Clever play or downright cheating? I guess if you were of a Preston North End persuasion, then you would be spitting venom in the direction of Kyle Edwards on Monday night.
The West Bromwich Albion forward went to ground in close proximity of PNE No.1 Declan Rudd in the final seconds of the Championship clash at Deepdale.
With a decision or not to make, referee Oliver Langford put his whistle to his mouth, blew and then pointed to the spot.
It gave Baggies’ striker Charlie Austin the chance to secure the three points for the visitors – one he didn’t waste as he sent Rudd the wrong way.
I am sure the visiting supporters did not care as Albion returned to the top of the Championship, but television replays of the penalty incident would appear to indicate the contact between Edwards and Rudd was minimal, if there was any at all.

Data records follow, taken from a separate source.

text \<open>Since 0 is an eigenvalue and the eigenfunction with the left boundary condition is a
  multiple of \<open>\<phi>(0,\<cdot>)\<close> (uniqueness for the initial value problem), the characteristic function
  vanishes at 0. Evaluating the NSBF series at \<open>\<rho> = 0\<close>, where only \<open>j\<^sub>0(0) = 1\<close> survives, turns
  \<open>\<Phi>(0) = 0\<close> into \<open>h + H + \<omega> = -h\<^sub>0\<close>. Adding the NSBF series of \<open>\<phi>'\<close> and \<open>H\<phi>\<close> at \<open>x = \<pi>\<close> and
  splitting off the term \<open>n = 0\<close>, this identity replaces \<open>(h + H + \<omega>) cos(\<rho>\<pi>)\<close> by \<open>-h\<^sub>0 cos(\<rho>\<pi>)\<close>.\<close>

lemma sph_bessel_j_at_0: "sph_bessel_j k 0 = (if k = 0 then 1 else 0)"
proof (cases "k = 0")
  case True
  have "(\<lambda>m. (-1) ^ m * of_nat (fact m) * (0::complex) ^ (2 * m)
            / (of_nat (fact m) * of_nat (fact (2 * m + 1)))) = (\<lambda>m. if m = 0 then 1 else 0)"
    by (auto simp: fun_eq_iff)
  moreover have "(\<lambda>m. if m = 0 then (1::complex) else 0) sums 1"
    using sums_single[of 0 "\<lambda>_. 1::complex"] by simp
  ultimately show ?thesis using True by (simp add: sph_bessel_j_def sums_iff)
qed (simp add: sph_bessel_j_def)

lemma sl_solution_diff_scaled:
  assumes "sl_solution q lam y y'" "sl_solution q lam u u'"
  shows "sl_solution q lam (\<lambda>x. y x - c * u x) (\<lambda>x. y' x - c * u' x)"
  unfolding sl_solution_def
proof (intro conjI ballI)
  fix x :: real assume x: "x \<in> {0..pi}"
  show "((\<lambda>x. y x - c * u x) has_vector_derivative (y' x - c * u' x)) (at x within {0..pi})"
    using assms x unfolding sl_solution_def
    by (intro has_vector_derivative_diff has_vector_derivative_mult_right) auto
  have "((\<lambda>t. (complex_of_real (q t) - lam) * y t - c * ((complex_of_real (q t) - lam) * u t))
      has_integral ((y' x - y' 0) - c * (u' x - u' 0))) {0..x}"
    using assms x unfolding sl_solution_def by (intro has_integral_diff has_integral_mult_right) auto
  then show "((\<lambda>t. (complex_of_real (q t) - lam) * (y t - c * u t)) has_integral
      (y' x - c * u' x - (y' 0 - c * u' 0))) {0..x}"
    by (simp add: algebra_simps)
qed

text \<open>On an interval where \<open>\<integral>|q - \<lambda>| \<le> 1/2\<close> and whose length is at most 1, the maximum \<open>M\<close>
  of \<open>|z|\<close> bounds \<open>|z'|\<close> by \<open>M/2\<close>, hence \<open>|z|\<close> by \<open>M/2\<close> again, forcing \<open>M = 0\<close>.\<close>

lemma sl_solution_vanishes_on_short_interval:
  fixes z z' :: "real \<Rightarrow> complex"
  assumes sol: "sl_solution q lam z z'"
    and p_int: "(\<lambda>t. cmod (complex_of_real (q t) - lam)) integrable_on {0..pi}"
    and ab: "0 \<le> a" "a \<le> b" "b \<le> pi"
    and small: "integral {a..b} (\<lambda>t. cmod (complex_of_real (q t) - lam)) \<le> 1/2" "b - a \<le> 1"
    and za: "z a = 0" "z' a = 0"
  shows "\<forall>x\<in>{a..b}. z x = 0 \<and> z' x = 0"
proof -
  define p where "p = (\<lambda>t. cmod (complex_of_real (q t) - lam))"
  have der: "\<And>x. x \<in> {0..pi} \<Longrightarrow> (z has_vector_derivative z' x) (at x within {0..pi})"
    and int: "\<And>x. x \<in> {0..pi} \<Longrightarrow> ((\<lambda>t. (complex_of_real (q t) - lam) * z t) has_integral (z' x - z' 0)) {0..x}"
    using sol unfolding sl_solution_def by auto
  have "continuous_on {0..pi} z"
    using der by (meson continuous_on_eq_continuous_within differentiableI_vector differentiable_imp_continuous_within)
  then have z_cont: "continuous_on {a..b} (\<lambda>x. norm (z x))"
    using ab by (intro continuous_intros) (auto elim: continuous_on_subset)
  obtain m where m: "m \<in> {a..b}" "\<And>x. x \<in> {a..b} \<Longrightarrow> norm (z x) \<le> norm (z m)"
    using continuous_attains_sup[OF compact_Icc _ z_cont] ab by auto
  define M where "M = norm (z m)"
  have M0: "M \<ge> 0" by (simp add: M_def)
  have p_ab: "p integrable_on {a..b}"
    by (rule integrable_subinterval_real[OF p_int[folded p_def]]) (use ab in auto)
  have z'_bound: "norm (z' x) \<le> M / 2" if x: "x \<in> {a..b}" for x
  proof -
    let ?F = "\<lambda>t. (complex_of_real (q t) - lam) * z t"
    have Fx: "(?F has_integral (z' x - z' 0)) {0..x}" and Fa: "(?F has_integral (z' a - z' 0)) {0..a}"
      using int x ab by auto
    have "integral {0..a} ?F + integral {a..x} ?F = integral {0..x} ?F"
      by (rule Henstock_Kurzweil_Integration.integral_combine[OF _ _ has_integral_integrable[OF Fx]])
        (use x ab in auto)
    then have z'_eq: "z' x = integral {a..x} ?F"
      using Fx Fa za by (simp add: integral_unique)
    have F_ax: "?F integrable_on {a..x}"
      by (rule integrable_subinterval_real[OF has_integral_integrable[OF Fx]]) (use x ab in auto)
    have p_ax: "p integrable_on {a..x}"
      using x by (intro integrable_subinterval_real[OF p_ab]) auto
    have "norm (integral {a..x} ?F) \<le> integral {a..x} (\<lambda>t. p t * M)"
    proof (rule integral_norm_bound_integral[OF F_ax])
      show "(\<lambda>t. p t * M) integrable_on {a..x}" using p_ax by (rule integrable_on_mult_left)
      fix t assume "t \<in> {a..x}"
      then show "norm (?F t) \<le> p t * M"
        using m(2)[of t] x unfolding M_def p_def norm_mult by (intro mult_left_mono) auto
    qed
    also have "\<dots> = integral {a..x} p * M" by simp
    also have "\<dots> \<le> integral {a..b} p * M"
      using x by (intro mult_right_mono[OF integral_subset_le[OF _ p_ax p_ab]]) (auto simp: M0 p_def)
    also have "\<dots> \<le> M / 2" using mult_right_mono[OF small(1) M0] unfolding p_def by simp
    finally show ?thesis using z'_eq by simp
  qed
  have z_bound: "norm (z x) \<le> M / 2" if x: "x \<in> {a..b}" for x
  proof -
    have "norm (z x - z a) \<le> M / 2 * norm (x - a)"
    proof (rule differentiable_bound[of "{a..b}" z "\<lambda>y h. h *\<^sub>R z' y"])
      fix y assume y: "y \<in> {a..b}"
      have "(z has_vector_derivative z' y) (at y within {a..b})"
        by (rule has_vector_derivative_within_subset[OF der[of y]]) (use y ab in auto)
      then show "(z has_derivative (\<lambda>h. h *\<^sub>R z' y)) (at y within {a..b})"
        by (simp add: has_vector_derivative_def)
      have "onorm (\<lambda>h::real. h *\<^sub>R z' y) = norm (z' y)"
        using onorm_scaleR_left[OF bounded_linear_ident, of "z' y"] by (simp add: onorm_id)
      then show "onorm (\<lambda>h::real. h *\<^sub>R z' y) \<le> M / 2" using z'_bound[OF y] by simp
    qed (use x ab in auto)
    also have "\<dots> \<le> M / 2" using x small M0 by (simp add: mult_left_le)
    finally show ?thesis using za by simp
  qed
  have "M = 0" using z_bound[OF m(1)] M0 by (simp add: M_def)
  then show ?thesis using m(2) z'_bound unfolding M_def by (metis norm_le_zero_iff div_0)
qed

So let’s go back to my original question. Was Edwards’ actions clever play or downright cheating?
It goes without saying what PNE supporters think but I imagine Albion supporters would say the former – until they are on the receiving end of a similar scenario. Where was the video assistant referee when you need it? Of course VAR is only used for Premier League fixtures only.
It was interesting that a couple of days earlier a similar incident occurred at the Kingpower Stadium when Leicester City entertained Everton.

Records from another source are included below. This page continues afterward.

(* For every (convex) polytope $P\subset\mathbb{R}^d$ with vertex set $V(P)$, we have $f(P)=f(V(P))$.
   Context: For a bounded set $S\subset\mathbb{R}^d$ with the Euclidean distance, its Borsuk number $f(S)$ is the minimum number of parts in a partition of $S$ in which every part has diameter strictly smaller than the diameter of $S$ (with $f(S)=+\infty$ if no such partition exists, e.g. when $S$ is a single point). *)

theory Defs
  imports "HOL-Analysis.Analysis" "HOL-Library.Extended_Nat" "HOL-Library.Disjoint_Sets"
begin

text \<open>Borsuk number: minimal number of parts of a partition of S into parts of
diameter strictly smaller than diameter S; infinity (INF of the empty set) if none exists.\<close>
definition borsuk_number :: "'a::metric_space set \<Rightarrow> enat" where
  "borsuk_number S =
     (INF n \<in> {n. \<exists>\<P>. partition_on S \<P> \<and> finite \<P> \<and> card \<P> = n \<and>
                     (\<forall>A\<in>\<P>. diameter A < diameter S)}. enat n)"

end

theory Submission
  imports Defs
begin

text \<open>Write the polytope as \<open>P = convex hull V\<close>, \<open>V\<close> its finite vertex set; both sets have the
same diameter \<open>D\<close>. Restricting a Borsuk partition of \<open>P\<close> to \<open>V\<close> gives \<open>f(V) \<le> f(P)\<close>.
Conversely, let \<open>V\<close> be split into \<open>k\<close> parts of diameter \<open>< D\<close>. Every \<open>x \<in> P\<close> is a convex
combination of the vertices, and by pigeonhole its weights give mass \<open>\<ge> 1/k\<close> to some part \<open>A\<close>.
If \<open>x\<close> and \<open>y\<close> both give mass \<open>\<ge> 1/k\<close> to \<open>A\<close>, then expanding \<open>x - y\<close> over pairs of
vertices shows \<open>\<parallel>x - y\<parallel> \<le> D - (D - diameter A) / k\<^sup>2 < D\<close>, so assigning each point of \<open>P\<close>
to such a part gives a partition of \<open>P\<close> into \<open>k\<close> small pieces.\<close>

lemma borsuk_number_le_card:
  assumes "partition_on S \<P>" "finite \<P>" "\<forall>A\<in>\<P>. diameter A < diameter S"
  shows "borsuk_number S \<le> card \<P>"
  unfolding borsuk_number_def by (rule INF_lower2[of "card \<P>"]) (use assms in auto)

lemma borsuk_number_greatest:
  fixes n :: enat
  assumes "\<And>\<P>. partition_on S \<P> \<Longrightarrow> finite \<P> \<Longrightarrow> \<forall>A\<in>\<P>. diameter A < diameter S \<Longrightarrow> n \<le> enat (card \<P>)"
  shows "n \<le> borsuk_number S"
  unfolding borsuk_number_def by (rule INF_greatest) (use assms in auto)

lemma borsuk_number_le_card_cover:
  fixes S :: "'a::metric_space set"
  assumes "finite \<C>" "S \<subseteq> \<Union>\<C>" and small: "\<And>C. C \<in> \<C> \<Longrightarrow> bounded C \<and> diameter C < diameter S"
  shows "borsuk_number S \<le> card \<C>"
proof -
  have "\<forall>x\<in>S. \<exists>C. C \<in> \<C> \<and> x \<in> C"
    using \<open>S \<subseteq> \<Union>\<C>\<close> by blast
  then obtain G where G: "\<And>x. x \<in> S \<Longrightarrow> G x \<in> \<C> \<and> x \<in> G x"
    by metis
  define \<P> where "\<P> = (\<lambda>C. {x \<in> S. G x = C}) ` \<C> - {{}}"
  have "partition_on S \<P>"
    using G by (auto simp: \<P>_def partition_on_def disjoint_def)
  moreover have "finite \<P>"
    using \<open>finite \<C>\<close> by (simp add: \<P>_def)
  moreover have "card \<P> \<le> card \<C>"
    unfolding \<P>_def by (rule order_trans[OF card_Diff1_le card_image_le[OF \<open>finite \<C>\<close>]])
  moreover have "diameter B < diameter S" if "B \<in> \<P>" for B
  proof -
    obtain C where "C \<in> \<C>" "B \<subseteq> C"
      using \<open>B \<in> \<P>\<close> G by (auto simp: \<P>_def)
    then show ?thesis
      using small diameter_subset by (meson le_less_trans)
  qed
  ultimately show ?thesis
    by (meson borsuk_number_le_card enat_ord_simps(1) order_trans)
qed

lemma borsuk_number_mono_same_diameter:
  fixes S T :: "'a::metric_space set"
  assumes "T \<subseteq> S" "bounded S" "diameter T = diameter S"
  shows "borsuk_number T \<le> borsuk_number S"
proof (rule borsuk_number_greatest)
  fix \<P> assume \<P>: "partition_on S \<P>" "finite \<P>" "\<forall>A\<in>\<P>. diameter A < diameter S"
  show "borsuk_number T \<le> card \<P>"
  proof (rule borsuk_number_le_card_cover)
    show "T \<subseteq> \<Union>\<P>"
      using \<P>(1) \<open>T \<subseteq> S\<close> by (simp add: partition_on_def)
    show "bounded C \<and> diameter C < diameter T" if "C \<in> \<P>" for C
    proof -
      have "C \<subseteq> S" using that \<P>(1) by (auto simp: partition_on_def)
      then show ?thesis using that \<P>(3) assms(2,3) bounded_subset by auto
    qed
  qed (use \<P> in simp)
qed

lemma dist_convex_combinations_le:
  fixes V :: "'a::real_normed_vector set"
  assumes "finite V" "\<forall>v\<in>V. 0 \<le> u v" "sum u V = 1" "\<forall>v\<in>V. 0 \<le> w v" "sum w V = 1"
  shows "dist (\<Sum>v\<in>V. u v *\<^sub>R v) (\<Sum>v\<in>V. w v *\<^sub>R v) \<le> (\<Sum>v\<in>V. \<Sum>x\<in>V. u v * w x * dist v x)"
proof -
  have u: "(\<Sum>v\<in>V. u v *\<^sub>R v) = (\<Sum>v\<in>V. \<Sum>x\<in>V. (u v * w x) *\<^sub>R v)"
    by (simp add: scaleR_sum_left[symmetric] sum_distrib_left[symmetric] assms)
  have w: "(\<Sum>x\<in>V. w x *\<^sub>R x) = (\<Sum>v\<in>V. \<Sum>x\<in>V. (u v * w x) *\<^sub>R x)"
    by (subst sum.swap) (simp add: scaleR_sum_left[symmetric] sum_distrib_right[symmetric] assms mult.commute)
  have "dist (\<Sum>v\<in>V. u v *\<^sub>R v) (\<Sum>v\<in>V. w v *\<^sub>R v) = norm (\<Sum>v\<in>V. \<Sum>x\<in>V. (u v * w x) *\<^sub>R (v - x))"
    unfolding dist_norm u w by (simp add: sum_subtractf scaleR_diff_right)
  also have "\<dots> \<le> (\<Sum>v\<in>V. \<Sum>x\<in>V. norm ((u v * w x) *\<^sub>R (v - x)))"
    by (rule order_trans[OF norm_sum sum_mono[OF norm_sum]])
  also have "\<dots> = (\<Sum>v\<in>V. \<Sum>x\<in>V. u v * w x * dist v x)"
    by (intro sum.cong refl) (simp add: assms dist_norm)
  finally show ?thesis .
qed

lemma dist_convex_combinations_le_concentrated:
  fixes V :: "'a::real_normed_vector set"
  assumes "finite V" "\<forall>v\<in>V. 0 \<le> u v" "sum u V = 1" "\<forall>v\<in>V. 0 \<le> w v" "sum w V = 1"
    and "A \<subseteq> V" and D: "\<forall>v\<in>V. \<forall>x\<in>V. dist v x \<le> D" and d: "\<forall>v\<in>A. \<forall>x\<in>A. dist v x \<le> d"
  shows "dist (\<Sum>v\<in>V. u v *\<^sub>R v) (\<Sum>v\<in>V. w v *\<^sub>R v) \<le> D - (D - d) * sum u A * sum w A"
proof -
  let ?uA = "\<lambda>v. if v \<in> A then u v else 0" and ?wA = "\<lambda>v. if v \<in> A then w v else 0"
  have pair: "u v * w x * dist v x \<le> u v * w x * D - (D - d) * (?uA v * ?wA x)"
    if "v \<in> V" "x \<in> V" for v x
  proof (cases "v \<in> A \<and> x \<in> A")
    case True
    then have "u v * w x * dist v x \<le> u v * w x * d"
      using d assms that by (intro mult_left_mono) auto
    then show ?thesis using True by (simp add: algebra_simps)
  next
    case False
    have "u v * w x * dist v x \<le> u v * w x * D"
      using D assms that by (intro mult_left_mono) auto
    then show ?thesis using False by auto
  qed
  have "dist (\<Sum>v\<in>V. u v *\<^sub>R v) (\<Sum>v\<in>V. w v *\<^sub>R v) \<le> (\<Sum>v\<in>V. \<Sum>x\<in>V. u v * w x * dist v x)"
    using dist_convex_combinations_le assms by blast
  also have "\<dots> \<le> (\<Sum>v\<in>V. \<Sum>x\<in>V. u v * w x * D - (D - d) * (?uA v * ?wA x))"
    using pair by (intro sum_mono) auto
  also have "\<dots> = (\<Sum>v\<in>V. \<Sum>x\<in>V. u v * w x * D) - (D - d) * (\<Sum>v\<in>V. \<Sum>x\<in>V. ?uA v * ?wA x)"
    by (simp add: sum_subtractf sum_distrib_left)
  also have "(\<Sum>v\<in>V. \<Sum>x\<in>V. u v * w x * D) = D"
    by (simp add: sum_distrib_left[symmetric] sum_distrib_right[symmetric] assms)
  also have "(\<Sum>v\<in>V. \<Sum>x\<in>V. ?uA v * ?wA x) = sum ?uA V * sum ?wA V"
    by (simp add: sum_product)
  also have "sum ?uA V = sum u A"
    using assms by (simp add: sum.If_cases Int_absorb1)
  also have "sum ?wA V = sum w A"
    using assms by (simp add: sum.If_cases Int_absorb1)
  finally show ?thesis by (simp add: mult.assoc)
qed

lemma diameter_convex_hull_finite:
  fixes V :: "'a::real_normed_vector set"
  assumes "finite V"
  shows "diameter (convex hull V) = diameter V"
proof (rule antisym)
  have bounded: "bounded V" using assms by (rule finite_imp_bounded)
  show "diameter (convex hull V) \<le> diameter V"
  proof (rule diameter_le)
    show "convex hull V \<noteq> {} \<or> 0 \<le> diameter V"
      using diameter_ge_0[OF bounded] by simp
    fix x y assume "x \<in> convex hull V" "y \<in> convex hull V"
    then obtain u w where
      u: "\<forall>v\<in>V. 0 \<le> u v" "sum u V = 1" "(\<Sum>v\<in>V. u v *\<^sub>R v) = x" and
      w: "\<forall>v\<in>V. 0 \<le> w v" "sum w V = 1" "(\<Sum>v\<in>V. w v *\<^sub>R v) = y"
      using convex_hull_finite[OF assms] by auto
    have "dist x y \<le> diameter V - (diameter V - diameter V) * sum u {} * sum w {}"
      unfolding u(3)[symmetric] w(3)[symmetric]
      by (rule dist_convex_combinations_le_concentrated)
         (use assms u w diameter_bounded_bound[OF bounded] in auto)
    then show "norm (x - y) \<le> diameter V" by (simp add: dist_norm)
  qed
  show "diameter V \<le> diameter (convex hull V)"
    by (intro diameter_subset hull_subset finite_imp_bounded_convex_hull assms)
qed

lemma diameter_convex_combinations_concentrated_less:
  fixes V :: "'a::real_normed_vector set"
  assumes "finite V" "A \<subseteq> V" "diameter A < diameter V" "0 < c"
  shows "diameter {\<Sum>v\<in>V. u v *\<^sub>R v | u. (\<forall>v\<in>V. 0 \<le> u v) \<and> sum u V = 1 \<and> c \<le> sum u A}
           < diameter V" (is "diameter ?H < _")
proof -
  have "bounded V" "bounded A"
    using finite_imp_bounded assms(1) finite_subset[OF assms(2,1)] by auto
  show ?thesis
  proof (cases "?H = {}")
    case True
    show ?thesis
      unfolding True using diameter_ge_0[OF \<open>bounded A\<close>] assms(3) by simp
  next
    case False
    define D d where "D = diameter V" and "d = diameter A"
    have "diameter ?H \<le> D - (D - d) * c * c"
    proof (rule diameter_le)
      fix x y assume "x \<in> ?H" "y \<in> ?H"
      then obtain u w where
        u: "\<forall>v\<in>V. 0 \<le> u v" "sum u V = 1" "c \<le> sum u A" "x = (\<Sum>v\<in>V. u v *\<^sub>R v)" and
        w: "\<forall>v\<in>V. 0 \<le> w v" "sum w V = 1" "c \<le> sum w A" "y = (\<Sum>v\<in>V. w v *\<^sub>R v)"
        by blast
      have "dist x y \<le> D - (D - d) * sum u A * sum w A"
        unfolding u(4) w(4) D_def d_def
        by (rule dist_convex_combinations_le_concentrated)
           (use assms u w diameter_bounded_bound[OF \<open>bounded V\<close>]
              diameter_bounded_bound[OF \<open>bounded A\<close>] in auto)
      also have "\<dots> \<le> D - (D - d) * c * c"
      proof -
        have "c * c \<le> sum u A * sum w A"
          using u(3) w(3) \<open>0 < c\<close> by (intro mult_mono) auto
        then show ?thesis
          using assms(3) by (simp add: D_def d_def mult.assoc mult_left_mono)
      qed
      finally show "norm (x - y) \<le> D - (D - d) * c * c" by (simp add: dist_norm)
    qed (use False in simp)
    also have "\<dots> < D"
      using assms by (simp add: D_def d_def)
    finally show ?thesis by (simp add: D_def)
  qed
qed

lemma partition_on_exists_sum_ge_average:
  fixes u :: "'a \<Rightarrow> real"
  assumes "finite V" "partition_on V \<Q>" "V \<noteq> {}"
  shows "\<exists>A\<in>\<Q>. sum u V \<le> card \<Q> * sum u A"
proof (rule ccontr)
  assume "\<not> ?thesis"
  then have less: "\<forall>A\<in>\<Q>. card \<Q> * sum u A < sum u V" by auto
  have "finite \<Q>" "\<Q> \<noteq> {}"
    using assms finite_elements partition_onD1 by fastforce+
  have "card \<Q> * sum u V = (\<Sum>A\<in>\<Q>. card \<Q> * sum u A)"
    using assms by (simp add: sum.partition[of V \<Q>] sum_distrib_left)
  also have "\<dots> < (\<Sum>A\<in>\<Q>. sum u V)"
    using less \<open>finite \<Q>\<close> \<open>\<Q> \<noteq> {}\<close> by (intro sum_strict_mono) auto
  finally show False by simp
qed

lemma borsuk_number_convex_hull_le:
  fixes V :: "'a::real_normed_vector set"
  assumes "finite V"
  shows "borsuk_number (convex hull V) \<le> borsuk_number V"
proof (rule borsuk_number_greatest)
  fix \<Q> assume \<Q>: "partition_on V \<Q>" "finite \<Q>" "\<forall>A\<in>\<Q>. diameter A < diameter V"
  define H where "H A = {\<Sum>v\<in>V. u v *\<^sub>R v | u. (\<forall>v\<in>V. 0 \<le> u v) \<and> sum u V = 1 \<and> 1 / card \<Q> \<le> sum u A}" for A
  have "borsuk_number (convex hull V) \<le> card (H ` \<Q>)"
  proof (rule borsuk_number_le_card_cover)
    show "convex hull V \<subseteq> \<Union>(H ` \<Q>)"
    proof
      fix x assume "x \<in> convex hull V"
      then obtain u where u: "\<forall>v\<in>V. 0 \<le> u v" "sum u V = 1" "(\<Sum>v\<in>V. u v *\<^sub>R v) = x"
        using convex_hull_finite[OF assms] by auto
      then have "V \<noteq> {}" by auto
      then obtain A where "A \<in> \<Q>" "1 \<le> card \<Q> * sum u A"
        using partition_on_exists_sum_ge_average[OF assms \<Q>(1), of u] u(2) by auto
      moreover have "card \<Q> > 0"
        using \<open>A \<in> \<Q>\<close> \<Q>(2) card_gt_0_iff by blast
      ultimately have "1 / card \<Q> \<le> sum u A"
        by (simp add: divide_le_eq mult.commute)
      then have "x \<in> H A"
        unfolding H_def using u by (intro CollectI exI[of _ u]) auto
      then show "x \<in> \<Union>(H ` \<Q>)"
        using \<open>A \<in> \<Q>\<close> by blast
    qed
    fix C assume "C \<in> H ` \<Q>"
    then obtain A where A: "A \<in> \<Q>" "C = H A" by blast
    have "C \<subseteq> convex hull V"
      using A convex_hull_finite[OF assms] by (auto simp: H_def)
    moreover have "diameter C < diameter V"
      unfolding A(2) H_def using A(1) \<Q> assms
      by (intro diameter_convex_combinations_concentrated_less)
         (auto simp: partition_on_def card_gt_0_iff)
    ultimately show "bounded C \<and> diameter C < diameter (convex hull V)"
      using bounded_subset[OF finite_imp_bounded_convex_hull[OF assms]]
        diameter_convex_hull_finite[OF assms] by auto
  qed (use \<Q> in simp)
  also have "\<dots> \<le> card \<Q>"
    using \<Q>(2) card_image_le by auto
  finally show "borsuk_number (convex hull V) \<le> card \<Q>" .
qed

theorem proposition2p1:
  fixes P :: "'a::euclidean_space set"
  assumes "polytope P"
  shows "borsuk_number P = borsuk_number {v. v extreme_point_of P}"
proof -
  define V where "V = {v. v extreme_point_of P}"
  obtain W where "finite W" "P = convex hull W"
    using assms by (auto simp: polytope_def)
  then have "finite V" and P: "P = convex hull V"
    using extreme_points_of_convex_hull[of W] finite_subset Krein_Milman_polytope[of W]
    by (auto simp: V_def)
  have "borsuk_number P \<le> borsuk_number V"
    unfolding P using \<open>finite V\<close> by (rule borsuk_number_convex_hull_le)
  moreover have "borsuk_number V \<le> borsuk_number P"
    unfolding P using \<open>finite V\<close>
    by (intro borsuk_number_mono_same_diameter hull_subset finite_imp_bounded_convex_hull
          diameter_convex_hull_finite[symmetric])
  ultimately show ?thesis by (simp add: V_def)
qed

end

Ben Chilwell was eventually booked for diving after a challenge from Mason Holgate. The Foxes were initially awarded a penalty which was then overturned after a check on the video.
Diving in the game is nothing new – certainly it’s been prevalent pretty much as far back as I can remember, although it began to infiltrate the English game in the 1990s probably due to the influx of more foreign talent.
I think what is more apparent is the cunning and subtlety players have when they go to ground these days.
I remember at the 1986 World Cup in Mexico when players used to roll around several times after a challenge.
I still chuckle when I recall the bare-faced cheek of the Brazil left-back Branco when he rolled around like he had been shot after a coming together with France goalkeeper Joel Bats during a quarter-final clash in Guadalajara.
As soon as the Brazilian saw the referee point to the penalty spot, he immediately sat up with his arms aloft, grinning from ear to ear.
And who could forget the antics of German Jurgen Klinsmann in the World Cup final four years later in earning the winning penalty against Argentina?
I think in fairness to the divers back in those days, they were given far less protection by referees and play-acting was used to emphasise some of the dangerous and cynical tackles which they were on the receiving end of.
That’s not the case these days as tackling which endangers an opponent is rightly being stamped out with red cards being dished out by officials.
But I think things need to be balanced up and anyone guilty of simulation should also be sent for an early bath.